Start of Data listing

definition is_cubic :: "('a::real_vector \<Rightarrow> 'b::real_vector) \<Rightarrow> bool" where
  "is_cubic g \<longleftrightarrow> (\<forall>x y. g (x + 2 *\<^sub>R y) - 3 *\<^sub>R g (x + y) + 3 *\<^sub>R g x - g (x - y) = 6 *\<^sub>R g y)"

end

theory Submission
  imports Defs
begin

text \<open>Setting \<open>y = x\<close> in \<open>D\<^sub>f\<close> shows that \<open>w(x) = f(4x) - 10 f(2x) + 16 f(x)\<close> is bounded by
\<open>\<theta> \<parallel>x\<parallel>\<^sup>p\<close>. Writing \<open>f = u + v\<close> with \<open>6u(x) = f(2x) - 2f(x)\<close> and \<open>6v(x) = 8f(x) - f(2x)\<close>, one has
\<open>u(2x) - 8u(x) = w(x)/6\<close> and \<open>v(2x) - 2v(x) = -w(x)/6\<close>. Since \<open>2\<^sup>p \<noteq> 8, 2\<close>, Hyers' direct
method yields limits \<open>C\<close> and \<open>A\<close> of rescalings of \<open>u\<close> and \<open>v\<close> that are 8- and 2-homogeneous odd
solutions of \<open>D = 0\<close>; on the plane spanned by two vectors, a suitable linear combination of instances
of \<open>D = 0\<close> is exactly the cubic, resp. additive, equation. For uniqueness, the difference of two
solutions is the sum of a 2- and an 8-homogeneous map of size \<open>O(\<parallel>x\<parallel>\<^sup>p)\<close>; each part is again
\<open>O(\<parallel>x\<parallel>\<^sup>p)\<close>, and iterating the homogeneity towards \<open>0\<close> or \<open>\<infinity>\<close> forces it to vanish.\<close>

text \<open>The simplifier does not collect like terms under \<open>*\<^sub>R\<close>. Identities between linear
combinations of finitely many vectors are therefore checked coefficientwise, after every vector has
been written as a combination of a fixed list of atoms.\<close>

definition lincomb :: "'b::real_vector list \<Rightarrow> (nat \<Rightarrow> real) \<Rightarrow> 'b" where
  "lincomb vs c = (\<Sum>i<length vs. c i *\<^sub>R vs ! i)"

lemma lincomb_add: "lincomb vs c + lincomb vs d = lincomb vs (\<lambda>i. c i + d i)"
  by (simp add: lincomb_def sum.distrib scaleR_add_left)

lemma lincomb_diff: "lincomb vs c - lincomb vs d = lincomb vs (\<lambda>i. c i - d i)"
  by (simp add: lincomb_def sum_subtractf scaleR_diff_left)

lemma lincomb_scaleR: "k *\<^sub>R lincomb vs c = lincomb vs (\<lambda>i. k * c i)"
  by (simp add: lincomb_def scaleR_sum_right)

lemma lincomb_minus: "- lincomb vs c = lincomb vs (\<lambda>i. - c i)"
  by (simp add: lincomb_def sum_negf)

lemmas lincomb_arith = lincomb_add lincomb_diff lincomb_scaleR lincomb_minus

lemma lincomb_cong: "(\<And>i. i < length vs \<Longrightarrow> c i = d i) \<Longrightarrow> lincomb vs c = lincomb vs d"
  by (simp add: lincomb_def)

lemma lincomb_unit:
  assumes "k < length vs"
  shows "lincomb vs (\<lambda>i. of_bool (i = k)) = vs ! k"
proof -
  have "lincomb vs (\<lambda>i. of_bool (i = k)) = (\<Sum>i<length vs. if i = k then vs ! i else 0)"
    unfolding lincomb_def by (rule sum.cong) auto
  with assms show ?thesis by simp
qed

section \<open>Odd homogeneous solutions of \<open>D = 0\<close>\<close>

lemma odd_fun_zero:
  fixes f :: "'a::real_vector \<Rightarrow> 'b::real_vector"
  assumes "\<And>x. f (- x) = - f x"
  shows "f 0 = 0"
proof -
  have "f 0 + f 0 = 0" using assms[of 0] by (simp only: minus_zero eq_neg_iff_add_eq_0)
  then show ?thesis by (simp flip: scaleR_2)
qed

lemma Dfun_plane:
  fixes F :: "'a::real_vector \<Rightarrow> 'b::real_vector"
  assumes \<Phi>_def: "\<Phi> = (\<lambda>a b. F (a *\<^sub>R x + b *\<^sub>R y))"
  shows "Dfun F (a1 *\<^sub>R x + b1 *\<^sub>R y) (a2 *\<^sub>R x + b2 *\<^sub>R y) =
    3 *\<^sub>R \<Phi> (a1 + 3*a2) (b1 + 3*b2) - \<Phi> (3*a1 + a2) (3*b1 + b2)
    - 12 *\<^sub>R (\<Phi> (a1 + a2) (b1 + b2) + \<Phi> (a1 - a2) (b1 - b2)) + 16 *\<^sub>R (\<Phi> a1 b1 + \<Phi> a2 b2)
    - 12 *\<^sub>R \<Phi> (2*a2) (2*b2) + 4 *\<^sub>R \<Phi> (2*a1) (2*b1)"
  unfolding Dfun_def \<Phi>_def by (simp add: algebra_simps)

lemma Dfun_zero_imp_is_cubic:
  fixes F :: "'a::real_vector \<Rightarrow> 'b::real_vector"
  assumes odd: "\<And>z. F (- z) = - F z" and D0: "\<And>u v. Dfun F u v = 0"
    and dbl: "\<And>z. F (2 *\<^sub>R z) = 8 *\<^sub>R F z"
  shows "is_cubic F"
  unfolding is_cubic_def
proof (intro allI)
  fix x y
  define \<Phi> where "\<Phi> = (\<lambda>a b. F (a *\<^sub>R x + b *\<^sub>R y))"
  have neg: "\<Phi> (-a) (-b) = - \<Phi> a b" for a b
    unfolding \<Phi>_def scaleR_minus_left minus_add_distrib[symmetric] by (rule odd)
  have dbl': "\<Phi> (2*a) (2*b) = 8 *\<^sub>R \<Phi> a b" for a b
    using dbl[of "a *\<^sub>R x + b *\<^sub>R y"] by (simp add: \<Phi>_def scaleR_add_right)
  have zero: "\<Phi> 0 0 = 0" using odd_fun_zero[of F, OF odd] by (simp add: \<Phi>_def)
  \<comment> \<open>The coefficients below solve a linear system in the values of \<open>\<Phi>\<close> on a small lattice;
    the \<open>reductions\<close> bring every value that occurs back to the atoms \<open>vs\<close>.\<close>
  define vs where "vs = [\<Phi> 0 1, \<Phi> 1 (-2), \<Phi> 1 (-1), \<Phi> 1 0, \<Phi> 1 1, \<Phi> 1 2]"
  have atoms: "\<Phi> 0 1 = lincomb vs (\<lambda>i. of_bool (i = 0))" "\<Phi> 1 (-2) = lincomb vs (\<lambda>i. of_bool (i = 1))"
    "\<Phi> 1 (-1) = lincomb vs (\<lambda>i. of_bool (i = 2))" "\<Phi> 1 0 = lincomb vs (\<lambda>i. of_bool (i = 3))"
    "\<Phi> 1 1 = lincomb vs (\<lambda>i. of_bool (i = 4))" "\<Phi> 1 2 = lincomb vs (\<lambda>i. of_bool (i = 5))"
    by (simp_all add: lincomb_unit vs_def)
  note reductions = neg[of 1 2] neg[of 0 1] neg[of 1 0] neg[of 1 1] neg[of 1 "-1"] neg[of 1 "-2"]
    dbl'[of 1 "-2"] dbl'[of "-1" "-2"] dbl'[of 0 "-1"] dbl'[of "-1" 0] dbl'[of 1 "-1"]
    dbl'[of "-1" "-1"] dbl'[of 1 2] dbl'[of "-1" 2] dbl'[of 0 1] dbl'[of 1 1] dbl'[of "-1" 1]
  have "\<Phi> 1 2 - 3 *\<^sub>R \<Phi> 1 1 + 3 *\<^sub>R \<Phi> 1 0 - \<Phi> 1 (-1) - 6 *\<^sub>R \<Phi> 0 1 =
      (-1/64) *\<^sub>R Dfun F ((-1) *\<^sub>R x + (-1) *\<^sub>R y) (1 *\<^sub>R x + (-1) *\<^sub>R y)
    + (3/64) *\<^sub>R Dfun F ((-1) *\<^sub>R x + 1 *\<^sub>R y) (1 *\<^sub>R x + 1 *\<^sub>R y)"
    unfolding Dfun_plane[OF \<Phi>_def]
    by (simp add: reductions[simplified] zero atoms lincomb_arith del: of_nat_numeral)
      (rule lincomb_cong, simp add: vs_def less_Suc_eq numeral_eq_Suc)
  then show "F (x + 2 *\<^sub>R y) - 3 *\<^sub>R F (x + y) + 3 *\<^sub>R F x - F (x - y) = 6 *\<^sub>R F y"
    by (simp add: D0 \<Phi>_def algebra_simps)
qed

lemma Dfun_zero_imp_is_additive:
  fixes F :: "'a::real_vector \<Rightarrow> 'b::real_vector"
  assumes odd: "\<And>z. F (- z) = - F z" and D0: "\<And>u v. Dfun F u v = 0"
    and dbl: "\<And>z. F (2 *\<^sub>R z) = 2 *\<^sub>R F z"
  shows "is_additive F"
  unfolding is_additive_def
proof (intro allI)
  fix x y
  define \<Phi> where "\<Phi> = (\<lambda>a b. F (a *\<^sub>R x + b *\<^sub>R y))"
  have neg: "\<Phi> (-a) (-b) = - \<Phi> a b" for a b
    unfolding \<Phi>_def scaleR_minus_left minus_add_distrib[symmetric] by (rule odd)
  have dbl': "\<Phi> (2*a) (2*b) = 2 *\<^sub>R \<Phi> a b" for a b
    using dbl[of "a *\<^sub>R x + b *\<^sub>R y"] by (simp add: \<Phi>_def scaleR_add_right)
  have zero: "\<Phi> 0 0 = 0" using odd_fun_zero[of F, OF odd] by (simp add: \<Phi>_def)
  define vs where "vs = [\<Phi> 0 1, \<Phi> 1 (-2), \<Phi> 1 (-1), \<Phi> 1 0, \<Phi> 1 1, \<Phi> 1 2,
    \<Phi> 2 (-1), \<Phi> 2 1, \<Phi> 2 3, \<Phi> 3 (-2)]"
  have atoms: "\<Phi> 0 1 = lincomb vs (\<lambda>i. of_bool (i = 0))" "\<Phi> 1 (-2) = lincomb vs (\<lambda>i. of_bool (i = 1))"
    "\<Phi> 1 (-1) = lincomb vs (\<lambda>i. of_bool (i = 2))" "\<Phi> 1 0 = lincomb vs (\<lambda>i. of_bool (i = 3))"
    "\<Phi> 1 1 = lincomb vs (\<lambda>i. of_bool (i = 4))" "\<Phi> 1 2 = lincomb vs (\<lambda>i. of_bool (i = 5))"
    "\<Phi> 2 (-1) = lincomb vs (\<lambda>i. of_bool (i = 6))" "\<Phi> 2 1 = lincomb vs (\<lambda>i. of_bool (i = 7))"
    "\<Phi> 2 3 = lincomb vs (\<lambda>i. of_bool (i = 8))" "\<Phi> 3 (-2) = lincomb vs (\<lambda>i. of_bool (i = 9))"
    by (simp_all add: lincomb_unit vs_def)
  note reductions = neg[of 2 "-1"] neg[of 2 1] neg[of 1 0] neg[of 0 1] neg[of 1 1] neg[of 1 "-1"]
    neg[of 2 3] neg[of 1 2] neg[of 1 "-2"] neg[of 3 "-2"]
    dbl'[of "-2" 1] dbl'[of "-2" "-1"] dbl'[of "-1" 0] dbl'[of 0 "-1"] dbl'[of "-1" 1]
    dbl'[of "-1" "-1"] dbl'[of 1 0] dbl'[of 1 "-2"] dbl'[of "-1" "-2"] dbl'[of 1 "-1"]
    dbl'[of 0 1] dbl'[of 1 1] dbl'[of 1 2] dbl'[of "-1" 2]
  have "\<Phi> 1 1 - \<Phi> 1 0 - \<Phi> 0 1 =
      (-1/64) *\<^sub>R Dfun F ((-1) *\<^sub>R x + (-1) *\<^sub>R y) ((-1) *\<^sub>R x + 1 *\<^sub>R y)
    + (-1/64) *\<^sub>R Dfun F ((-1) *\<^sub>R x + (-1) *\<^sub>R y) (1 *\<^sub>R x + 0 *\<^sub>R y)
    + (-5/192) *\<^sub>R Dfun F ((-1) *\<^sub>R x + (-1) *\<^sub>R y) (1 *\<^sub>R x + (-1) *\<^sub>R y)
    + (-5/192) *\<^sub>R Dfun F ((-1) *\<^sub>R x + 1 *\<^sub>R y) ((-1) *\<^sub>R x + (-1) *\<^sub>R y)
    + (1/192) *\<^sub>R Dfun F ((-1) *\<^sub>R x + 0 *\<^sub>R y) (1 *\<^sub>R x + 1 *\<^sub>R y)
    + (1/64) *\<^sub>R Dfun F ((-1) *\<^sub>R x + 1 *\<^sub>R y) (1 *\<^sub>R x + 1 *\<^sub>R y)
    + (1/192) *\<^sub>R Dfun F (0 *\<^sub>R x + (-1) *\<^sub>R y) ((-1) *\<^sub>R x + 1 *\<^sub>R y)
    + (1/64) *\<^sub>R Dfun F ((-1) *\<^sub>R x + 1 *\<^sub>R y) (0 *\<^sub>R x + (-1) *\<^sub>R y)"
    unfolding Dfun_plane[OF \<Phi>_def]
    by (simp add: reductions[simplified] zero atoms lincomb_arith del: of_nat_numeral)
      (rule lincomb_cong, simp add: vs_def less_Suc_eq numeral_eq_Suc)
  then show "F (x + y) = F x + F y"
    by (simp add: D0 \<Phi>_def algebra_simps)
qed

End of Data listing

Exercise: Please retype, with no changes, the lines that run from the first line of the entries to the line with "method yields limits", both ends included.

Result of the exercise:
definition is_cubic :: "('a::real_vector \<Rightarrow> 'b::real_vector) \<Rightarrow> bool" where
  "is_cubic g \<longleftrightarrow> (\<forall>x y. g (x + 2 *\<^sub>R y) - 3 *\<^sub>R g (x + y) + 3 *\<^sub>R g x - g (x - y) = 6 *\<^sub>R g y)"

end

theory Submission
  imports Defs
begin

text \<open>Setting \<open>y = x\<close> in \<open>D\<^sub>f\<close> shows that \<open>w(x) = f(4x) - 10 f(2x) + 16 f(x)\<close> is bounded by
\<open>\<theta> \<parallel>x\<parallel>\<^sup>p\<close>. Writing \<open>f = u + v\<close> with \<open>6u(x) = f(2x) - 2f(x)\<close> and \<open>6v(x) = 8f(x) - f(2x)\<close>, one has
\<open>u(2x) - 8u(x) = w(x)/6\<close> and \<open>v(2x) - 2v(x) = -w(x)/6\<close>. Since \<open>2\<^sup>p \<noteq> 8, 2\<close>, Hyers' direct
method yields limits \<open>C\<close> and \<open>A\<close> of rescalings of \<open>u\<close> and \<open>v\<close> that are 8- and 2-homogeneous odd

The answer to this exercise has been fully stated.